lemma even_cycle_constraints:
  assumes C: "is_even_cycle C" and "C \<subseteq> set es" "distinct es"
  shows "zero_or_two (map (\<lambda>e. e \<in> C) [e\<leftarrow>es. v \<in> e])"
    and "\<not> odd_parity (map (\<lambda>e. e \<in> C) es)"
    and "\<not> at_most 0 (map (\<lambda>e. e \<in> C) es)"
proof -
  have "{e\<in>C. v \<in> e} = C \<inter> set [e\<leftarrow>es. v \<in> e]" using assms(2) by auto
  then have "card {e\<in>C. v \<in> e} = count_list (map (\<lambda>e. e \<in> C) [e\<leftarrow>es. v \<in> e]) True"
    using card_Int_set_eq_count_list[of "[e\<leftarrow>es. v \<in> e]" C] assms(3) by simp
  then show "zero_or_two (map (\<lambda>e. e \<in> C) [e\<leftarrow>es. v \<in> e])"
    using cycle_degree[of C v] C unfolding is_even_cycle_def zero_or_two_iff by metis
  have "card C = count_list (map (\<lambda>e. e \<in> C) es) True"
    using card_Int_set_eq_count_list[OF assms(3), of C] assms(2) by (simp add: Int_absorb2)
  then show "\<not> odd_parity (map (\<lambda>e. e \<in> C) es)" "\<not> at_most 0 (map (\<lambda>e. e \<in> C) es)"
    using C even_cycle_card_ge_4[OF C] unfolding is_even_cycle_def odd_parity_iff at_most_iff
    by auto
qed

lemma hall_condition_at_most:
  assumes "hall_condition C Ds" "distinct es"
    and "length (filter (\<lambda>X. X \<inter> set es \<noteq> {}) Ds) \<le> m"
  shows "at_most m (map (\<lambda>e. e \<in> C) es)"
proof -
  have "card (C \<inter> set es) \<le> length (filter (\<lambda>X. X \<inter> (C \<inter> set es) \<noteq> {}) Ds)"
    using assms(1) unfolding hall_condition_def by blast
  also have "\<dots> \<le> length (filter (\<lambda>X. X \<inter> set es \<noteq> {}) Ds)"
    by (induction Ds) auto
  finally show ?thesis
    using assms(3) card_Int_set_eq_count_list[OF assms(2)] unfolding at_most_iff by simp
qed

definition block :: "nat \<Rightarrow> nat set set list" where
  "block b = replicate 3 (cycle_edges [b, b+1, b+5, b+2])
    @ replicate 3 (cycle_edges [b, b+3, b+4, b+5])"

lemma hall_free_block: "hall_free (block b)"
  unfolding hall_free_def
proof (intro allI impI notI)
  fix C assume C: "is_even_cycle C" and hall: "hall_condition C (block b)"
  define es1 where "es1 = [{b, b+1}, {b+1, b+5}, {b+5, b+2}, {b+2, b}]"
  define es2 where "es2 = [{b, b+3}, {b+3, b+4}, {b+4, b+5}, {b+5, b}]"
  have "\<Union>(set (block b)) \<subseteq> set (es1 @ es2)"
    by (simp add: block_def cycle_edges_Cons es1_def es2_def)
  then have sub: "C \<subseteq> set (es1 @ es2)" using hall_condition_subset_Union[OF hall] by blast
  have dist: "distinct (es1 @ es2)" by (simp add: es1_def es2_def doubleton_eq_iff)
  note constraints = even_cycle_constraints[OF C sub dist]
  have "at_most 3 (map (\<lambda>e. e \<in> C) es1)"
    by (rule hall_condition_at_most[OF hall])
      (use dist in \<open>simp_all add: block_def cycle_edges_Cons es1_def doubleton_eq_iff\<close>)
  moreover have "at_most 3 (map (\<lambda>e. e \<in> C) es2)"
    by (rule hall_condition_at_most[OF hall])
      (use dist in \<open>simp_all add: block_def cycle_edges_Cons es2_def doubleton_eq_iff\<close>)
  ultimately show False
    using constraints(2,3) constraints(1)[of b] constraints(1)[of "b+1"] constraints(1)[of "b+2"]
      constraints(1)[of "b+3"] constraints(1)[of "b+4"] constraints(1)[of "b+5"]
    unfolding es1_def es2_def zero_or_two_def
    apply (simp (no_asm_use))
    by sat
qed

text \<open>Base families on {..r} with 6 * r div 5 cycles for r = 3, 4, 6, 7; with the empty
  family on {..0} they cover all residues of n - 1 modulo 5.\<close>

definition gadget4 :: "nat set set list" where
  "gadget4 = replicate 3 (cycle_edges [0, 1, 2, 3])"

definition gadget5 :: "nat set set list" where
  "gadget5 = replicate 2 (cycle_edges [0, 1, 3, 2]) @ replicate 2 (cycle_edges [0, 1, 4, 3])"

definition gadget7 :: "nat set set list" where
  "gadget7 = replicate 3 (cycle_edges [0, 1, 3, 2]) @ [cycle_edges [0, 3, 5, 4]]
    @ replicate 3 (cycle_edges [1, 4, 6, 5])"

definition gadget8 :: "nat set set list" where
  "gadget8 = replicate 5 (cycle_edges [0, 1, 7, 4, 3, 2]) @ replicate 3 (cycle_edges [0, 7, 6, 5])"

lemma hall_free_gadget4: "hall_free gadget4"
  unfolding hall_free_def
proof (intro allI impI notI)
  fix C assume C: "is_even_cycle C" and hall: "hall_condition C gadget4"
  define es :: "nat set list" where "es = [{0, 1}, {1, 2}, {2, 3}, {3, 0}]"
  have "\<Union>(set gadget4) \<subseteq> set es" by (simp add: gadget4_def cycle_edges_Cons es_def)
  then have sub: "C \<subseteq> set es" using hall_condition_subset_Union[OF hall] by blast
  have dist: "distinct es" by (simp add: es_def doubleton_eq_iff)
  note constraints = even_cycle_constraints[OF C sub dist]
  have "at_most 3 (map (\<lambda>e. e \<in> C) es)"
    by (rule hall_condition_at_most[OF hall dist])
      (use length_filter_le[of _ gadget4] in \<open>simp add: gadget4_def\<close>)
  then show False
    using constraints(2,3) constraints(1)[of 0] constraints(1)[of 1] constraints(1)[of 2]
      constraints(1)[of 3]
    unfolding es_def zero_or_two_def
    apply (simp (no_asm_use))
    by sat
qed

lemma hall_free_gadget5: "hall_free gadget5"
  unfolding hall_free_def
proof (intro allI impI notI)
  fix C assume C: "is_even_cycle C" and hall: "hall_condition C gadget5"
  define es :: "nat set list" where "es = [{0, 1}, {1, 3}, {3, 2}, {2, 0}, {1, 4}, {4, 3}, {3, 0}]"
  have "\<Union>(set gadget5) \<subseteq> set es" by (simp add: gadget5_def cycle_edges_Cons es_def)
  then have sub: "C \<subseteq> set es" using hall_condition_subset_Union[OF hall] by blast
  have dist: "distinct es" by (simp add: es_def doubleton_eq_iff)
  note constraints = even_cycle_constraints[OF C sub dist]
  have "at_most 2 (map (\<lambda>e. e \<in> C) [{1, 3}, {3, 2}, {2, 0}])"
    by (rule hall_condition_at_most[OF hall])
      (simp_all add: gadget5_def cycle_edges_Cons doubleton_eq_iff)
  moreover have "at_most 2 (map (\<lambda>e. e \<in> C) [{1, 4}, {4, 3}, {3, 0}])"
    by (rule hall_condition_at_most[OF hall])
      (simp_all add: gadget5_def cycle_edges_Cons doubleton_eq_iff)
  ultimately show False
    using constraints(2,3) constraints(1)[of 0] constraints(1)[of 1] constraints(1)[of 2]
      constraints(1)[of 3] constraints(1)[of 4]
    unfolding es_def zero_or_two_def
    apply (simp (no_asm_use))
    by sat
qed

lemma hall_free_gadget7: "hall_free gadget7"
  unfolding hall_free_def
proof (intro allI impI notI)
  fix C assume C: "is_even_cycle C" and hall: "hall_condition C gadget7"
  define es :: "nat set list" where "es = [{0, 1}, {1, 3}, {3, 2}, {2, 0}, {0, 3}, {3, 5}, {5, 4},
    {4, 0}, {1, 4}, {4, 6}, {6, 5}, {5, 1}]"
  have "\<Union>(set gadget7) \<subseteq> set es" by (simp add: gadget7_def cycle_edges_Cons es_def)
  then have sub: "C \<subseteq> set es" using hall_condition_subset_Union[OF hall] by blast
  have dist: "distinct es" by (simp add: es_def doubleton_eq_iff)
  note constraints = even_cycle_constraints[OF C sub dist]
  have "at_most 3 (map (\<lambda>e. e \<in> C) [{0, 1}, {1, 3}, {3, 2}, {2, 0}])"
    by (rule hall_condition_at_most[OF hall])
      (simp_all add: gadget7_def cycle_edges_Cons doubleton_eq_iff)
  moreover have "at_most 1 (map (\<lambda>e. e \<in> C) [{0, 3}, {3, 5}, {5, 4}, {4, 0}])"
    by (rule hall_condition_at_most[OF hall])
      (simp_all add: gadget7_def cycle_edges_Cons doubleton_eq_iff)
  moreover have "at_most 3 (map (\<lambda>e. e \<in> C) [{1, 4}, {4, 6}, {6, 5}, {5, 1}])"
    by (rule hall_condition_at_most[OF hall])
      (simp_all add: gadget7_def cycle_edges_Cons doubleton_eq_iff)
  ultimately show False
    using constraints(2,3) constraints(1)[of 0] constraints(1)[of 1] constraints(1)[of 2]
      constraints(1)[of 3] constraints(1)[of 4] constraints(1)[of 5] constraints(1)[of 6]
    unfolding es_def zero_or_two_def
    apply (simp (no_asm_use))
    by sat
qed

TASK GOAL: Lines of the listing above that hold the string "True" should each be copied.

RESPONSE FOR THIS EXERCISE:
  then have "card {e\<in>C. v \<in> e} = count_list (map (\<lambda>e. e \<in> C) [e\<leftarrow>es. v \<in> e]) True"
  have "card C = count_list (map (\<lambda>e. e \<in> C) es) True"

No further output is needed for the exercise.